İsrail ordusu bugün yeni bir saldırı başlatmadan önce Gazze şehri ve çevresindeki tüm sakinlere tahliye emri verdi. Bu emir, İsrail'in Hamas'ın kalan rehineleri serbest bırakmaması ve teslim olmaması halinde Gazze Şeridi'nde hava saldırılarını ve kara operasyonlarını ‘yıkıcı bir fırtına’ ile yoğunlaştıracağı uyarısının ardından geldi.
Kentin bir milyon sakini, İsrail hükümetinin Hamas’a ölümcül bir darbe vurmak için plan hazırlamasının ardından haftalardır şiddetli bir saldırı bekliyordu.
Tahliye emirleri Gazze şehri sakinleri arasında panik ve kargaşaya neden oldu. Bazıları güneye gitmekten başka çareleri olmadığını söylerken, büyük çoğunluk gidecek başka güvenli bir yer olmadığı için şehirde kalacaklarını belirtti.

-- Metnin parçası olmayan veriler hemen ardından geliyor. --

lemma discrete_Parseval:
  fixes D :: "'d set" and \<kappa> :: "'d \<Rightarrow> int" and y :: "'d \<Rightarrow> complex" and M :: nat and lo b :: int
  assumes fin: "finite D" and inj: "inj_on \<kappa> D" and \<kappa>: "\<And>d. d \<in> D \<Longrightarrow> lo \<le> \<kappa> d \<and> \<kappa> d < lo + int M"
    and M: "M > 0"
  shows "(\<Sum>r<M. (cmod (\<Sum>d\<in>D. y d * cis (- (2 * pi * real_of_int (\<kappa> d * (b + int r)) / real M))))\<^sup>2)
     = real M * (\<Sum>d\<in>D. (cmod (y d))\<^sup>2)"
proof -
  define e where "e d n = cis (- (2 * pi * real_of_int (\<kappa> d * n) / real M))" for d n
  have e_mult: "e d n * cnj (e d' n) = cis (- (2 * pi * real_of_int ((\<kappa> d - \<kappa> d') * n) / real M))" for d d' n
    unfolding e_def cis_cnj cis_mult using M by (intro arg_cong[where f=cis]) (simp add: field_simps)
  have orth: "(\<Sum>r<M. e d (b + int r) * cnj (e d' (b + int r))) = (if d = d' then of_nat M else 0)"
    if "d \<in> D" "d' \<in> D" for d d'
  proof (cases "d = d'")
    case False
    then have "\<kappa> d - \<kappa> d' \<noteq> 0" using inj that by (auto dest: inj_onD)
    moreover have "\<bar>\<kappa> d - \<kappa> d'\<bar> < int M" using \<kappa>[OF that(1)] \<kappa>[OF that(2)] by auto
    ultimately show ?thesis
      using False sum_cis_arith_progression_eq_0[OF M, of "\<kappa> d - \<kappa> d'" b] unfolding e_mult by simp
  qed (simp add: e_mult)
  have square: "complex_of_real ((cmod (\<Sum>d\<in>D. y d * e d n))\<^sup>2)
      = (\<Sum>d\<in>D. \<Sum>d'\<in>D. y d * cnj (y d') * (e d n * cnj (e d' n)))" for n
    unfolding complex_norm_square cnj_sum sum_product by (simp add: ac_simps)
  have "complex_of_real (\<Sum>r<M. (cmod (\<Sum>d\<in>D. y d * e d (b + int r)))\<^sup>2)
      = (\<Sum>r<M. \<Sum>d\<in>D. \<Sum>d'\<in>D. y d * cnj (y d') * (e d (b + int r) * cnj (e d' (b + int r))))"
    by (simp only: of_real_sum square)
  also have "\<dots> = (\<Sum>d\<in>D. \<Sum>d'\<in>D. y d * cnj (y d') * (\<Sum>r<M. e d (b + int r) * cnj (e d' (b + int r))))"
    by (simp add: sum_distrib_left sum.swap[of _ "{..<M}"])
  also have "\<dots> = (\<Sum>d\<in>D. \<Sum>d'\<in>D. if d = d' then y d * cnj (y d') * of_nat M else 0)"
    by (intro sum.cong refl) (simp add: orth)
  also have "\<dots> = (\<Sum>d\<in>D. y d * cnj (y d) * of_nat M)"
    using fin by (simp add: sum.delta)
  also have "\<dots> = complex_of_real (real M * (\<Sum>d\<in>D. (cmod (y d))\<^sup>2))"
    by (simp add: complex_norm_square[symmetric] sum_distrib_left sum_distrib_right ac_simps)
  finally show ?thesis unfolding e_def of_real_eq_iff .
qed

lemma discrete_Parseval_le:
  fixes D :: "'d set" and \<kappa> :: "'d \<Rightarrow> int" and y :: "'d \<Rightarrow> complex" and Ns :: "int set" and M :: nat and lo b :: int
  assumes "finite D" "inj_on \<kappa> D" "\<And>d. d \<in> D \<Longrightarrow> lo \<le> \<kappa> d \<and> \<kappa> d < lo + int M" "M > 0"
    and Ns: "Ns \<subseteq> (\<lambda>r. b + int r) ` {..<M}"
  shows "(\<Sum>n\<in>Ns. (cmod (\<Sum>d\<in>D. y d * cis (- (2 * pi * real_of_int (\<kappa> d * n) / real M))))\<^sup>2)
     \<le> real M * (\<Sum>d\<in>D. (cmod (y d))\<^sup>2)"
proof -
  define g where "g n = (cmod (\<Sum>d\<in>D. y d * cis (- (2 * pi * real_of_int (\<kappa> d * n) / real M))))\<^sup>2" for n
  have "sum g Ns \<le> sum g ((\<lambda>r. b + int r) ` {..<M})"
    using Ns unfolding g_def by (intro sum_mono2) auto
  also have "\<dots> = (\<Sum>r<M. g (b + int r))"
    by (subst sum.reindex) (auto simp: inj_on_def)
  also have "\<dots> = real M * (\<Sum>d\<in>D. (cmod (y d))\<^sup>2)"
    unfolding g_def by (rule discrete_Parseval[OF assms(1-4)])
  finally show ?thesis unfolding g_def .
qed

İsrail Ordu Sözcüsü Avichay Adraee, X platformu üzerinden yaptığı paylaşımda şu ifadeleri kullandı:
Gazze şehri ve tüm mahallelerinde, doğudaki Eski Şehir ve et-Tuffah'tan batıdaki denize kadar yaşayan tüm sakinlere acil bir çağrı… İsrail ordusu Hamas'ı yenilgiye uğratmaya kararlı ve Gazze Şeridi'nin tamamında olduğu gibi Gazze şehri bölgesinde de büyük bir güçle harekete geçecek.
Adraee, paylaşımının devamında, “Güvenliğiniz için derhal er-Reşid ekseni üzerinden el-Mevasi'deki insani yardım bölgesine doğru gidin... Bu bölgede kalmak çok tehlikeli” ifadelerine yer verdi.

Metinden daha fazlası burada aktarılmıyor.